Меня в Новый Уренгой пригласил друг, однокашник по университету: бросай, пишет, свою газету и давай сюда – здесь раздолье. Мне покойный Саша Кузнецов (он тогда работал в обкоме комсомола выписал комсомольскую путевку (хотя было “комсомольцу Жарову” уже почти тридцать четыре года), и я улетел в Уренгой. Помню, еще в Домодедово, на регистрации билетов, веселая кассирша спросила меня: “И сколько тебе лет, комсомолец?” А зачем спрашивать, если паспорт перед глазами? Я ответил что-то в том духе, что комсомолия Запорожской области уверена, что я не подведу на трудном участке трудового фронта, коим является Север – да там, в путевке, об этом как раз и сказано, причем типографским шрифтом. Она усмехнулась: такой и правда не подведет - и шлепнула в паспорт штамп.
Я это к чему? Однажды, когда я уже работал в пресс-центре Главуренгойгазстроя, в наши края каким-то образом прорвалась пятидесятилетняя парикмахер. По комсомольской путевке. Так что все относительно…
Женщины на Севере – статья отдельная. Конечно, в больших городах, вроде Уренгоя или Надыма, они не вызывают нездорового (точнее, здрового) мужского интереса – город есть город. Но когда прекрасные создания попадают за Полярный круг, где пашут, в основном, суровые, голодные мужики – вот тут уж действительно отдельная статья.
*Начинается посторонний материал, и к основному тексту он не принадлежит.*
lemma bij_betw_lcm_pairs_mult:
  assumes "coprime m k" "0 < m" "0 < k"
  shows "bij_betw (\<lambda>((a1, b1), (a2, b2)). (a1 * a2, b1 * b2))
           (lcm_pairs m \<times> lcm_pairs k) (lcm_pairs (m * k))"
proof (rule bij_betw_imageI)
  show "inj_on (\<lambda>((a1, b1), (a2, b2)). (a1 * a2, b1 * b2)) (lcm_pairs m \<times> lcm_pairs k)"
  proof (rule inj_onI, clarify)
    fix a1 b1 a2 b2 a1' b1' a2' b2'
    assume "(a1, b1) \<in> lcm_pairs m" "(a2, b2) \<in> lcm_pairs k"
      "(a1', b1') \<in> lcm_pairs m" "(a2', b2') \<in> lcm_pairs k"
      "a1 * a2 = a1' * a2'" "b1 * b2 = b1' * b2'"
    with assms show "(a1, b1) = (a1', b1') \<and> (a2, b2) = (a2', b2')"
      using eq_if_mult_eq_coprime_divisors[of a1 a2 a1' a2' m k]
        eq_if_mult_eq_coprime_divisors[of b1 b2 b1' b2' m k]
        eq_if_mult_eq_coprime_divisors[of a2 a1 a2' a1' k m]
        eq_if_mult_eq_coprime_divisors[of b2 b1 b2' b1' k m]
      by (auto dest: lcm_pairsD simp: ac_simps coprime_commute)
  qed
  show "(\<lambda>((a1, b1), (a2, b2)). (a1 * a2, b1 * b2)) ` (lcm_pairs m \<times> lcm_pairs k) = lcm_pairs (m * k)"
  proof (intro equalityI subsetI)
    fix p assume "p \<in> (\<lambda>((a1, b1), (a2, b2)). (a1 * a2, b1 * b2)) ` (lcm_pairs m \<times> lcm_pairs k)"
    then obtain a1 b1 a2 b2 where p: "p = (a1 * a2, b1 * b2)"
      and m: "(a1, b1) \<in> lcm_pairs m" and k: "(a2, b2) \<in> lcm_pairs k"
      by auto
    have "lcm (a1 * a2) (b1 * b2) = lcm a1 b1 * lcm a2 b2"
      using lcm_pairsD[OF m] lcm_pairsD[OF k] assms by (intro lcm_mult_coprime_divisors)
    with m k show "p \<in> lcm_pairs (m * k)"
      by (simp add: p lcm_pairs_def)
  next
    fix p assume p: "p \<in> lcm_pairs (m * k)"
    obtain a b where "p = (a, b)" by (cases p)
    with p have ab: "lcm a b = m * k" by (simp add: lcm_pairs_def)
    obtain a1 a2 where a: "a = a1 * a2" "a1 dvd m" "a2 dvd k"
      using division_decomp[of a m k] ab by (metis dvd_lcm1)
    obtain b1 b2 where b: "b = b1 * b2" "b1 dvd m" "b2 dvd k"
      using division_decomp[of b m k] ab by (metis dvd_lcm2)
    have "lcm a1 b1 * lcm a2 b2 = m * k"
      using ab a b lcm_mult_coprime_divisors assms(1) by metis
    then have "lcm a1 b1 = m \<and> lcm a2 b2 = k"
      using a b assms by (intro dvd_factors_eq_if_mult_eq) simp_all
    then show "p \<in> (\<lambda>((a1, b1), (a2, b2)). (a1 * a2, b1 * b2)) ` (lcm_pairs m \<times> lcm_pairs k)"
      using \<open>p = (a, b)\<close> a b by (force simp: lcm_pairs_def)
  qed
qed

lemma lcm_convolution_mult:
  assumes "coprime m k" "0 < m" "0 < k"
  shows "lcm_convolution f g (m * k) =
    (\<Sum>(a1, b1)\<in>lcm_pairs m. \<Sum>(a2, b2)\<in>lcm_pairs k. f (a1 * a2) * g (b1 * b2))"
proof -
  let ?h = "\<lambda>((a1, b1), (a2, b2)). (a1 * a2, b1 * b2)"
  have "lcm_convolution f g (m * k) =
      (\<Sum>p\<in>lcm_pairs m \<times> lcm_pairs k. (\<lambda>(a, b). f a * g b) (?h p))"
    unfolding lcm_convolution_def
    by (rule sum.reindex_bij_betw[OF bij_betw_lcm_pairs_mult[OF assms], symmetric])
  also have "\<dots> = (\<Sum>(a1, b1)\<in>lcm_pairs m. \<Sum>(a2, b2)\<in>lcm_pairs k. f (a1 * a2) * g (b1 * b2))"
    by (simp add: sum.cartesian_product split_def)
  finally show ?thesis .
qed

lemma multiplicative_seq_mult_coprime_divisors:
  assumes "multiplicative_seq f" "coprime m k" "0 < m" "0 < k" "a dvd m" "b dvd k"
  shows "f (a * b) = f a * f b"
  using assms coprime_divisors[OF assms(5,6,2)] dvd_pos_nat[of m a] dvd_pos_nat[of k b]
  unfolding multiplicative_seq_def by blast

lemma lcm_convolution_mult_defect:
  assumes f: "multiplicative_seq f" and mk: "coprime m k" "0 < m" "0 < k"
  shows "lcm_convolution f g (m * k) - lcm_convolution f g m * lcm_convolution f g k =
    (\<Sum>(a1, b1)\<in>lcm_pairs m. \<Sum>(a2, b2)\<in>lcm_pairs k.
       f a1 * f a2 * (g (b1 * b2) - g b1 * g b2))"
proof -
  have f_mult: "f (a1 * a2) = f a1 * f a2"
    if "(a1, b1) \<in> lcm_pairs m" "(a2, b2) \<in> lcm_pairs k" for a1 b1 a2 b2
    using lcm_pairsD[OF that(1)] lcm_pairsD[OF that(2)] mk
    by (intro multiplicative_seq_mult_coprime_divisors[OF f mk(1)])
  have "lcm_convolution f g m * lcm_convolution f g k =
      (\<Sum>(a1, b1)\<in>lcm_pairs m. \<Sum>(a2, b2)\<in>lcm_pairs k. f a1 * g b1 * (f a2 * g b2))"
    unfolding lcm_convolution_def by (simp add: sum_product split_def)
  then have "lcm_convolution f g (m * k) - lcm_convolution f g m * lcm_convolution f g k =
      (\<Sum>(a1, b1)\<in>lcm_pairs m. \<Sum>(a2, b2)\<in>lcm_pairs k.
         f (a1 * a2) * g (b1 * b2) - f a1 * g b1 * (f a2 * g b2))"
    unfolding lcm_convolution_mult[OF mk] by (simp add: sum_subtractf split_def)
  also have "\<dots> = (\<Sum>(a1, b1)\<in>lcm_pairs m. \<Sum>(a2, b2)\<in>lcm_pairs k.
       f a1 * f a2 * (g (b1 * b2) - g b1 * g b2))"
    by (auto intro!: sum.cong simp: f_mult algebra_simps)
  finally show ?thesis .
qed

lemma lcm_convolution_1: "lcm_convolution f g 1 = f 1 * g 1"
  unfolding lcm_convolution_def lcm_pairs_1 by simp

lemma multiplicative_lcm_convolution:
  assumes f: "multiplicative_seq f" and g: "multiplicative_seq g"
  shows "multiplicative_seq (lcm_convolution f g)"
  unfolding multiplicative_seq_def
proof (intro conjI allI impI)
  show "lcm_convolution f g 1 = 1"
    using f g lcm_convolution_1[of f g] by (simp add: multiplicative_seq_def)
  fix m k :: nat assume mk: "0 < m" "0 < k" "coprime m k"
  have "g (b1 * b2) = g b1 * g b2"
    if "(a1, b1) \<in> lcm_pairs m" "(a2, b2) \<in> lcm_pairs k" for a1 b1 a2 b2
    using lcm_pairsD[OF that(1)] lcm_pairsD[OF that(2)] mk
    by (intro multiplicative_seq_mult_coprime_divisors[OF g mk(3)])
  then have "lcm_convolution f g (m * k) - lcm_convolution f g m * lcm_convolution f g k = 0"
    unfolding lcm_convolution_mult_defect[OF f mk(3,1,2)] by (auto intro!: sum.neutral)
  then show "lcm_convolution f g (m * k) = lcm_convolution f g m * lcm_convolution f g k"
    by simp
qed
Я никогда не пытался анализировать, что они делают там, где и мужчинам нелегко приходится, но кое что напрашивалось само собой. Ну, жена приехала вместе с мужем – это понятно. Но большинство женщин в Заполярье (во-всяком случае, в мое время) были холостячками. И вот они вместе с нами терпели пятидесятиградусные морозы, пургу, которая если засвистит, так это на пару-тройку суток. Я особенно поражался другому: удобства в нашем поселке в заполярном Ямбурге были на улице, это огромный сварной метллический туалет на сваях - но нам-то, мужикам, что? А каково им? Продолжать?
Я долго не мог привыкнуть к северным реалиям. Имею ввиду отношения людей другу к другу. Такое ощущение, что в другую страну попал: ни злобы, ни серьезных конфликтов, всегда бескорыстно помогут, и совсем я уж офонарел, когда оказался на Ямбурге – там, уходя на работу, редко кто закрывал дверь на замок. Мне старожилы объясняли это так: идет человек, замерз, ну, пусть зайдет, погреется, чайку выпьет. (Потом, правда, традиция отмерла: всякий люд поперся на Север, за длинным рублем).
Возможно, и женщины проникались эти северным духом, но только по своему. Они в открытой тундре не работали, но прекрасно знали, в каких условиях приходится пахать нам, и когда я однажды вырвался в Уренгой с Ямбурга чтобы хоть недельку побыть в цивилизованных условиях, мне одна знакомая в гостинице (жила пока одна, муж с дочерью оставались на “Большой земле”) сказала просто и без обиняков: “Знаю, хочешь. Пошли ко мне…”
Это, в общем-то, нормально. И у кого поднимется рука осуждать ее или меня.
За Полярным кругом ситуация другая. Ну, ни для кого не секрет, что все мы там оказались ради денеги платило государство неплохо. Для сравнения: если в СССР среднаяя зарплата по стране была 150 рублей, то я, выработав все восемь “полярок”, получал около тысячи. Заметная разница. Так же гораздо больше, чем на “Земле” (жаргонное словосочетание: “Большая земля” – все, что ближе к югу) получали и женщины. Мне кажется, что многие ехали в эти суровые края с надеждой выйти замуж - вон сколько богатых холостяков вокруг, и кто в такую женщину бросит камень, если замужество, деторождение заложены в нее самой природой.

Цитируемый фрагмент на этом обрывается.